Chapter 14
HomeNow that you understand how sorting works, never write your own sort in a contest. The built-in sort is faster, correct, and one line.
Replace your 8-line bubble sort with a single function call — O(N log N) instead of O(N²).
void bubble_sort(vector<int>& arr) {
int n = arr.size();
for (int i = 0; i < n - 1; i++) {
for (int j = 0; j < n - i - 1; j++) {
if (arr[j] > arr[j + 1]) {
swap(arr[j], arr[j + 1]);
}
}
}
}
sort(arr.begin(), arr.end()); // O(N log N)

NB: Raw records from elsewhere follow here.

(* Let $\varphi\in\mathcal{S}(\mathbb{R})$ and set $F(\rho,y)=\varphi(\rho y)-\varphi(\rho\sinh(y))$. Then for all integers $n,m\ge0$, all $1\le p\le\infty$, and $\rho\ge1$, \[ \|\partial_\rho^n(\rho^{-1}\partial_y)^mF(\rho,\cdot)\|_{L^p_y}\leq C_{n,m}(\|\varphi\|_{\mathcal S})\,\rho^{-2-\frac1p}. \]
   Context: $C_{n,m}(\|\varphi\|_{\mathcal S})$ denotes a positive constant depending on $n,m$ and finitely many Schwartz seminorms of $\varphi$. $L^p_y$ is the Lebesgue space in $y\in\mathbb{R}$ at fixed $\rho$. *)

theory Defs
  imports "HOL-Analysis.Analysis"
begin

fun hderiv :: "nat \<Rightarrow> (real \<Rightarrow> complex) \<Rightarrow> real \<Rightarrow> complex" where
  "hderiv 0 f = f"
| "hderiv (Suc l) f = (\<lambda>x. vector_derivative (hderiv l f) (at x))"

definition schwartz :: "(real \<Rightarrow> complex) \<Rightarrow> bool" where
  "schwartz f \<longleftrightarrow>
     (\<forall>l x. hderiv l f differentiable at x) \<and>
     (\<forall>k l. \<exists>C. \<forall>x. \<bar>x\<bar> ^ k * norm (hderiv l f x) \<le> C)"

definition schwartz_seminorm :: "nat \<Rightarrow> nat \<Rightarrow> (real \<Rightarrow> complex) \<Rightarrow> real" where
  "schwartz_seminorm k l f = (SUP x. \<bar>x\<bar> ^ k * norm (hderiv l f x))"
(* Almost surely, to decide the isomorphism of a pair of $n$-vertex graphs $G_1$ and $G_2$ it suffices to compare their multisets of induced subgraphs on $3\log_2 n$ vertices: for almost every $n$-vertex graph $G_1$, if $G_2$ is an $n$-vertex graph with $C_{G_1}(F)=C_{G_2}(F)$ for every $F\in\Gamma_{3\log_2 n}$, then $G_1\cong G_2$.
   Context: Graphs are finite, simple, undirected; all subgraphs are induced subgraphs. $\Gamma_m$ denotes the set of all (isomorphism types of) graphs on $m$ vertices, and $C_G(F)$ is the number of induced subgraphs of $G$ isomorphic to $F$. "Almost every $n$-vertex graph has property $Q$" (or "almost surely") means: in the random graph on $n$ labeled vertices where each edge is present independently with probability $1/2$, the probability of $Q$ tends to $1$ as $n\to\infty$. *)

theory Defs
  imports Complex_Main
begin

definition graphs :: "nat \<Rightarrow> nat set set set" where
  "graphs n = Pow {e. e \<subseteq> {..<n} \<and> card e = 2}"

definition graph_iso :: "'a set \<Rightarrow> 'a set set \<Rightarrow> 'b set \<Rightarrow> 'b set set \<Rightarrow> bool" where
  "graph_iso V1 E1 V2 E2 \<longleftrightarrow>
     (\<exists>f. bij_betw f V1 V2 \<and> (\<forall>x\<in>V1. \<forall>y\<in>V1. {x, y} \<in> E1 \<longleftrightarrow> {f x, f y} \<in> E2))"

definition ind_count :: "'a set \<Rightarrow> 'a set set \<Rightarrow> nat \<Rightarrow> nat set set \<Rightarrow> nat" where
  "ind_count V E m F = card {S. S \<subseteq> V \<and> card S = m \<and> graph_iso S (E \<inter> Pow S) {..<m} F}"

definition sub_size :: "nat \<Rightarrow> nat" where
  "sub_size n = nat \<lceil>3 * log 2 (real n)\<rceil>"

end

(*
  Call a vertex set S of a graph G1 on V rigid if every injection of S into V that preserves
  adjacency and non-adjacency inside S is the identity, and separating if distinct vertices
  outside S have distinct neighbourhoods in S. Such a set makes G1 recoverable from the numbers
  of its induced subgraphs on card S + 2 vertices. Equal counts give a bijection beta between the
  (card S + 2)-sets of G1 and of G2 with T isomorphic to beta T. By rigidity, a copy of S inside
  some beta T can only be the image of S itself, and counting the sets through S and through a
  fixed copy S' shows that the sets containing S are exactly those matched with sets containing
  S', all their isomorphisms agreeing on S. Separation then makes the isomorphisms agree on every
  vertex, and they glue to an isomorphism of G1 onto G2.

  For S = {0, ..., s - 1} with s = sub_size n - 2, a union bound shows that only a vanishing
  fraction of the graphs on n vertices lack one of the two properties. Two vertices with equal
  neighbourhoods in S impose s independent constraints on the edges. For a non-identity
  injection pi of S that respects the edges, whether a pair q is an edge is tied to whether
  pi ` q is; choosing the pairs along an acyclic ranking of this relation yields about 3s/8
  independent constraints per point leaving S plus s/32 per point moved inside S. Summing over
  all injections gives a bound that vanishes because n <= 2 powr ((s + 2) / 3).
*)
theory Submission
  imports Defs "HOL-Library.FuncSet" "HOL-Real_Asymp.Real_Asymp"
begin
(* Let $A$ generate a strongly continuous semigroup on a Banach space $X$ and let $\alpha\in\mathbb{R}$. Assume that for every $x\in\operatorname{Dom}(A)$ there is a constant $c_x$ with $\|e^{At}x\|_{\operatorname{Dom}(A)}\le c_xe^{\alpha t}$ for all $t\ge0$. Then there is a constant $c$ with $\|e^{At}\|_{X\to X}\le ce^{\alpha t}$ for all $t\ge0$.
   Context: $\|\cdot\|_{\operatorname{Dom}(A)}$ denotes the graph norm of $A$. *)

theory Defs
  imports "HOL-Analysis.Analysis"
begin

definition C0_semigroup :: "(real \<Rightarrow> ('a::banach \<Rightarrow>\<^sub>L 'a)) \<Rightarrow> bool" where
  "C0_semigroup T \<longleftrightarrow>
     T 0 = id_blinfun \<and>
     (\<forall>s t. 0 \<le> s \<longrightarrow> 0 \<le> t \<longrightarrow> T (s + t) = T s o\<^sub>L T t) \<and>
     (\<forall>x. ((\<lambda>t. blinfun_apply (T t) x) \<longlongrightarrow> x) (at_right 0))"

definition generator :: "(real \<Rightarrow> ('a::banach \<Rightarrow>\<^sub>L 'a)) \<Rightarrow> 'a set \<Rightarrow> ('a \<Rightarrow> 'a) \<Rightarrow> bool" where
  "generator T D A \<longleftrightarrow>
     D = {x. \<exists>y. ((\<lambda>h. (1 / h) *\<^sub>R (blinfun_apply (T h) x - x)) \<longlongrightarrow> y) (at_right 0)} \<and>
     (\<forall>x\<in>D. ((\<lambda>h. (1 / h) *\<^sub>R (blinfun_apply (T h) x - x)) \<longlongrightarrow> A x) (at_right 0))"

definition graph_norm :: "('a::real_normed_vector \<Rightarrow> 'a) \<Rightarrow> 'a \<Rightarrow> real" where
  "graph_norm A x = norm x + norm (A x)"

end

theory Submission
  imports Defs
begin

text \<open>
  Put l = \<alpha> - 1 and let R x be the integral of exp (-l s) T s x over s \<in> [0, 1]. Then R maps
  into the domain of A, and A R = l R - I + exp (-l) T 1. As T t commutes with A, the hypothesis
  applied to R x bounds T t (A R - l R) x by a multiple of exp (\<alpha> t), hence by Banach-Steinhaus
  also the operator norm of T t (A R - l R). Writing T 1 = exp (\<alpha> - 1) (I + A R - l R) gives
  \<parallel>T (t + 1)\<parallel> \<le> exp (\<alpha> - 1) (C exp (\<alpha> t) + \<parallel>T t\<parallel>), and since 2 / e < 1 this recursion
  propagates a bound \<parallel>T t\<parallel> \<le> c exp (\<alpha> t) from [0, 1], where T is bounded (Banach-Steinhaus
  once more), to all t \<ge> 0.
\<close>

lemma norm_blinfun_le_of_bounded_on_ball:
  fixes f :: "'a::real_normed_vector \<Rightarrow>\<^sub>L 'b::real_normed_vector"
  assumes "r > 0" and bounded: "\<And>x. x \<in> ball x0 r \<Longrightarrow> norm (f x) \<le> c"
  shows "norm f \<le> 4 * c / r"
proof (rule norm_blinfun_bound)
  have "norm (f x0) \<le> c" using bounded \<open>r > 0\<close> by simp
  then show "0 \<le> 4 * c / r" using \<open>r > 0\<close> by (simp add: order_trans[OF norm_ge_zero])
  fix y :: 'a
  show "norm (f y) \<le> 4 * c / r * norm y"
  proof (cases "y = 0")
    case False
    define z where "z = (r / 2 / norm y) *\<^sub>R y"
    have "norm z < r" using False \<open>r > 0\<close> by (simp add: z_def)
    then have "norm (f (x0 + z)) \<le> c" "norm (f x0) \<le> c"
      using bounded \<open>r > 0\<close> by (auto simp: dist_norm)
    moreover have "f z = f (x0 + z) - f x0" by (simp add: blinfun.add_right)
    ultimately have fz: "norm (f z) \<le> 2 * c"
      using norm_triangle_ineq4[of "f (x0 + z)" "f x0"] by simp
    have "y = (2 * norm y / r) *\<^sub>R z" using False \<open>r > 0\<close> by (simp add: z_def)
    then have "f y = (2 * norm y / r) *\<^sub>R f z" by (metis blinfun.scaleR_right)
    then have "norm (f y) = (2 * norm y / r) * norm (f z)" using \<open>r > 0\<close> by simp
    also have "\<dots> \<le> (2 * norm y / r) * (2 * c)" using fz \<open>r > 0\<close> by (intro mult_left_mono) auto
    finally show ?thesis by (simp add: mult_ac)
  qed simp
qed

theorem banach_steinhaus:
  fixes F :: "'i \<Rightarrow> ('a::banach \<Rightarrow>\<^sub>L 'b::real_normed_vector)"
  assumes pointwise_bounded: "\<And>x. \<exists>c. \<forall>i\<in>I. norm (F i x) \<le> c"
  shows "\<exists>C. \<forall>i\<in>I. norm (F i) \<le> C"
proof -
  define E where "E n = (\<Inter>i\<in>I. {x. norm (F i x) \<le> real n})" for n :: nat
  have "closed (E n)" for n
    unfolding E_def by (intro closed_INT ballI closed_Collect_le continuous_intros)
  moreover have "\<Union>(range E) = UNIV"
  proof -
    have "\<exists>n. x \<in> E n" for x
    proof -
      obtain c where "\<forall>i\<in>I. norm (F i x) \<le> c" using pointwise_bounded by blast
      moreover obtain n :: nat where "c \<le> real n" using real_arch_simple by blast
      ultimately show ?thesis by (auto simp: E_def intro: order_trans)
    qed
    then show ?thesis by blast
  qed
  ultimately have "\<exists>n. interior (E n) \<noteq> {}"
    using Baire_category_alt[of euclidean "range E"]
    by (auto simp: completely_metrizable_space_euclidean)
  then obtain n x0 where "x0 \<in> interior (E n)" by blast
  then obtain r where "r > 0" "ball x0 r \<subseteq> E n"
    using open_contains_ball_eq open_interior interior_subset by (meson order_trans)
  then have "norm (F i) \<le> 4 * real n / r" if "i \<in> I" for i
    using that by (intro norm_blinfun_le_of_bounded_on_ball) (auto simp: E_def)
  then show ?thesis by blast
qed
lemma ln_powr_lower_bound:
  fixes f :: "nat \<Rightarrow> real"
  assumes a: "0 \<le> a" "a \<le> 1" and "0 < d"
    and one_le: "\<forall>n\<ge>m. 1 \<le> f n"
    and eventually_ge: "\<forall>\<^sub>F n in sequentially. d * ln (real n) \<le> f n"
  shows "\<exists>c>0. \<forall>n\<ge>m. c * ln (real n) powr a \<le> f n"
proof -
  obtain N where N: "\<And>n. N \<le> n \<Longrightarrow> d * ln (real n) \<le> f n"
    using eventually_ge unfolding eventually_sequentially by blast
  define M where "M = max 1 (ln (real N))"
  have "0 < M" by (simp add: M_def)
  show ?thesis
  proof (intro exI conjI allI impI)
    show "0 < min d (1 / M)" using \<open>0 < d\<close> \<open>0 < M\<close> by simp
    fix n assume "m \<le> n"
    have powr_le: "ln (real n) powr a \<le> max 1 (ln (real n))"
      using ln_of_nat_nonneg a by (rule powr_le_max_one)
    show "min d (1 / M) * ln (real n) powr a \<le> f n"
    proof (cases "N \<le> n \<and> 1 \<le> ln (real n)")
      case True
      then have "min d (1 / M) * ln (real n) powr a \<le> d * ln (real n)"
        using powr_le \<open>0 < d\<close> by (intro mult_mono) auto
      then show ?thesis using N True by fastforce
    next
      case False
      have "max 1 (ln (real n)) \<le> M"
      proof (cases "N \<le> n")
        case True
        then show ?thesis using False by (simp add: M_def)
      next
        case False
        then have "ln (real n) \<le> ln (real N)"
          using ln_of_nat_nonneg[of N] by (cases "n = 0") simp_all
        then show ?thesis by (auto simp: M_def)
      qed
      then have "min d (1 / M) * ln (real n) powr a \<le> 1 / M * M"
        using powr_le \<open>0 < M\<close> by (intro mult_mono) auto
      then show ?thesis using one_le \<open>m \<le> n\<close> \<open>0 < M\<close> by fastforce
    qed
  qed
qed

theorem mainTheorem2:
  fixes r :: nat
  assumes "r \<ge> 2"
  shows "\<exists>c::real. c > 0 \<and>
    (\<forall>n::nat. n \<ge> r \<longrightarrow>
       real (upper_dir_dom_number (r - 1) {0..<n} (complete_hyp_edges n r))
         \<ge> c * ln (real n) powr (1 / (real r - 1)))"
proof -
  have "\<exists>c>0. \<forall>n\<ge>r. c * ln (real n) powr (1 / (real r - 1))
      \<le> real (upper_dir_dom_number (r - 1) {0..<n} (complete_hyp_edges n r))"
  proof (rule ln_powr_lower_bound)
    show "0 \<le> 1 / (real r - 1)" "1 / (real r - 1) \<le> 1" using assms by auto
    show "\<forall>n\<ge>r. 1 \<le> real (upper_dir_dom_number (r - 1) {0..<n} (complete_hyp_edges n r))"
      using upper_dir_dom_number_pos assms by (simp add: Suc_le_eq)
    show "\<forall>\<^sub>F n in sequentially. 1 / ln 16 * ln (real n)
        \<le> real (upper_dir_dom_number (r - 1) {0..<n} (complete_hyp_edges n r))"
      using eventually_upper_dir_dom_number_gt_log[OF assms] by eventually_elim simp
  qed (use one_lt_ln_16 in simp)
  then show ?thesis by auto
qed

end
lemma foldr_Wmap_translation:
  assumes "t \<le> T" "Z \<in> Lp M (F T) p" "l \<in> Lp M (F t) p"
  shows "AE x in M. foldr (Wmap R U \<eta>) [t..<T] (\<lambda>\<omega>. Z \<omega> + l \<omega>) x
    = foldr (Wmap R U \<eta>) [t..<T] Z x + l x"
  using assms(1,3)
proof (induction rule: inc_induct)
  case base
  then show ?case by simp
next
  case (step s)
  let ?G = "\<lambda>Z. foldr (Wmap R U \<eta>) [Suc s..<T] Z"
  have l: "l \<in> Lp M (F (Suc s)) p" using Lp_F_Suc step by blast
  have lT: "l \<in> Lp M (F T) p" using Lp_F_mono[of s T] step by auto
  then have Zl: "(\<lambda>\<omega>. Z \<omega> + l \<omega>) \<in> Lp M (F T) p" using assms(2) by (intro Lp_F_add) auto
  have GZ: "?G Z \<in> Lp M (F (Suc s)) p" using step assms(2) by (intro foldr_Wmap_Lp) auto
  have "AE x in M. Wmap R U \<eta> s (?G (\<lambda>\<omega>. Z \<omega> + l \<omega>)) x = Wmap R U \<eta> s (\<lambda>\<omega>. ?G Z \<omega> + l \<omega>) x"
    using step l Zl GZ by (intro Wmap_AE_cong foldr_Wmap_Lp[OF _ Zl] Lp_F_add) auto
  moreover have "AE x in M. Wmap R U \<eta> s (\<lambda>\<omega>. ?G Z \<omega> + l \<omega>) x = Wmap R U \<eta> s (?G Z) x + l x"
    using step GZ by (intro Wmap_translation) auto
  ultimately show ?case
    unfolding foldr_Wmap_step[OF \<open>s < T\<close>] by eventually_elim simp
qed

lemma Vval_eq_foldr_Wmap:
  assumes X: "\<And>s. s \<in> {1..T} \<Longrightarrow> X s \<in> Lp M (F s) p" and t: "t \<le> T"
  shows "Vval R U \<eta> T X t \<in> Lp M (F t) p \<and>
    (AE x in M. Vval R U \<eta> T X t x = foldr (Wmap R U \<eta>) [t..<T] (\<lambda>\<omega>. \<Sum>s\<in>{Suc t..T}. X s \<omega>) x)"
  using t
proof (induction rule: inc_induct)
  case base
  show ?case by (simp add: Vval_T zero_in_Lp)
next
  case (step s)
  let ?V = "Vval R U \<eta> T X" and ?S = "\<lambda>t \<omega>. \<Sum>r\<in>{Suc t..T}. X r \<omega>"
  let ?G = "foldr (Wmap R U \<eta>) [Suc s..<T]"
  have X_Suc: "X (Suc s) \<in> Lp M (F (Suc s)) p" using X step by auto
  have S_Lp: "?S r \<in> Lp M (F T) p" for r
    using X Lp_F_mono by (intro Lp_sum subalgebra_F) (auto simp: subset_iff)
  have "AE x in M. ?G (\<lambda>\<omega>. ?S (Suc s) \<omega> + X (Suc s) \<omega>) x = ?G (?S (Suc s)) x + X (Suc s) x"
    using step X_Suc by (intro foldr_Wmap_translation S_Lp) auto
  moreover have "?S s = (\<lambda>\<omega>. ?S (Suc s) \<omega> + X (Suc s) \<omega>)"
    using step by (simp add: sum.atLeast_Suc_atMost add.commute)
  ultimately have eq: "AE x in M. X (Suc s) x + ?V (Suc s) x = ?G (?S s) x"
    using step.IH by auto
  have XV: "(\<lambda>\<omega>. X (Suc s) \<omega> + ?V (Suc s) \<omega>) \<in> Lp M (F (Suc s)) p"
    using step X_Suc by (intro Lp_F_add) auto
  have "?G (?S s) \<in> Lp M (F (Suc s)) p"
    using step by (intro foldr_Wmap_Lp S_Lp) auto
  then have "AE x in M. ?V s x = foldr (Wmap R U \<eta>) [s..<T] (?S s) x"
    unfolding Vval_step[OF \<open>s < T\<close>] foldr_Wmap_step[OF \<open>s < T\<close>]
    by (rule Wmap_AE_cong[OF \<open>s < T\<close> XV _ eq])
  moreover have "?V s \<in> Lp M (F s) p"
    unfolding Vval_step[OF \<open>s < T\<close>] by (rule Wmap_Lp[OF \<open>s < T\<close> XV])
  ultimately show ?case by blast
qed

end

theorem proposition1:
  fixes M :: "'a measure" and F :: "nat \<Rightarrow> 'a measure" and T :: nat and p :: ennreal
    and R U :: "nat \<Rightarrow> ('a \<Rightarrow> real) \<Rightarrow> ('a \<Rightarrow> real)" and \<eta> :: "nat \<Rightarrow> 'a \<Rightarrow> real"
  assumes T: "1 \<le> T"
    and filt: "filtered_prob_space M F T"
    and R: "dyn_risk_measure M F p T R"
    and U: "dyn_utility M F p T U"
    and eta_meas: "\<And>t. t < T \<Longrightarrow> \<eta> t \<in> borel_measurable (F t)"
    and eta_pos: "\<And>t. t < T \<Longrightarrow> AE x in M. 0 < \<eta> t x"
  shows
    "(\<forall>t<T.
        (\<forall>Y\<in>Lp M (F (Suc t)) p. Wmap R U \<eta> t Y \<in> Lp M (F t) p) \<and>
        (\<forall>Y\<in>Lp M (F (Suc t)) p. \<forall>l\<in>Lp M (F t) p.
           AE x in M. Wmap R U \<eta> t (\<lambda>\<omega>. Y \<omega> + l \<omega>) x = Wmap R U \<eta> t Y x + l x) \<and>
        (\<forall>Y\<in>Lp M (F (Suc t)) p. \<forall>Y'\<in>Lp M (F (Suc t)) p.
           (AE x in M. Y x \<le> Y' x) \<longrightarrow> (AE x in M. Wmap R U \<eta> t Y x \<le> Wmap R U \<eta> t Y' x)) \<and>
        (\<forall>c\<in>Lp_plus M (F t) p. \<forall>Y\<in>Lp M (F (Suc t)) p.
           (\<lambda>\<omega>. c \<omega> * Y \<omega>) \<in> Lp M (F (Suc t)) p \<longrightarrow>
           (AE x in M. Wmap R U \<eta> t (\<lambda>\<omega>. c \<omega> * Y \<omega>) x = c x * Wmap R U \<eta> t Y x)))
     \<and>
     (\<forall>X :: nat \<Rightarrow> 'a \<Rightarrow> real. (\<forall>s\<in>{1..T}. X s \<in> Lp M (F s) p) \<longrightarrow>
        (\<forall>t<T. AE x in M. Vval R U \<eta> T X t x =
            foldr (Wmap R U \<eta>) [t..<T] (\<lambda>\<omega>. \<Sum>s\<in>{Suc t..T}. X s \<omega>) x))"
proof -
  interpret dynamic_valuation M F T p R U \<eta>
    using filt R U eta_meas eta_pos by unfold_locales auto
  show ?thesis
    using Wmap_Lp Wmap_translation Wmap_mono Wmap_homogeneous Vval_eq_foldr_Wmap by auto
qed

#include <algorithm> (already in <bits/stdc++.h>).
fn bubble_sort(arr: &mut [i32]) {
let n = arr.len();
for i in 0..n - 1 {
for j in 0..n - i - 1 {
if arr[j] > arr[j + 1] {
arr.swap(j, j + 1);
}
}
}
}
arr.sort(); // O(N log N)
.sort() is a method on Vec<T> and slices.
Sometimes you need to sort by a different order — descending, or by a specific field. Both languages let you provide a custom comparator.
sort(arr.begin(), arr.end(), greater<int>());
// or a custom lambda:
sort(arr.begin(), arr.end(),
[](int a, int b) { return a > b; });
arr.sort_by(|a, b| b.cmp(a)); // or: arr.sort(); arr.reverse();
Sort the array first, then solve the problem. This pattern appears constantly — finding the median, checking if two arrays are anagrams, scheduling problems.
Given N (odd), sort the array and print the middle element.
Sample input: 5 8 3 9 1 6 Expected output: 6
#include <bits/stdc++.h>
using namespace std;
int main() {
int n; cin >> n;
vector<int> arr(n);
for (int i = 0; i < n; i++) cin >> arr[i];
sort(arr.begin(), arr.end());
cout << arr[n / 2] << "\n"; // middle index
return 0;
}
use std::io::{self, Read};
fn main() {
let mut input = String::new();
io::stdin().lock().read_to_string(&mut input).unwrap();
let nums: Vec<i32> = input
.split_whitespace()
.map(|x| x.parse().unwrap())
.collect();
let n = nums[0] as usize;
let mut arr: Vec<i32> = nums[1..=n].to_vec();
arr.sort();
println!("{}", arr[n / 2]);
}
💡 Sort-first thinking
Many problems become easy once the data is sorted. "Is this a permutation of that?" Sort both — if they're identical, yes. "What's the closest pair?" Sort first, then check adjacent elements.
sort() (C++) or .sort() (Rust) — O(N log N), never O(N²).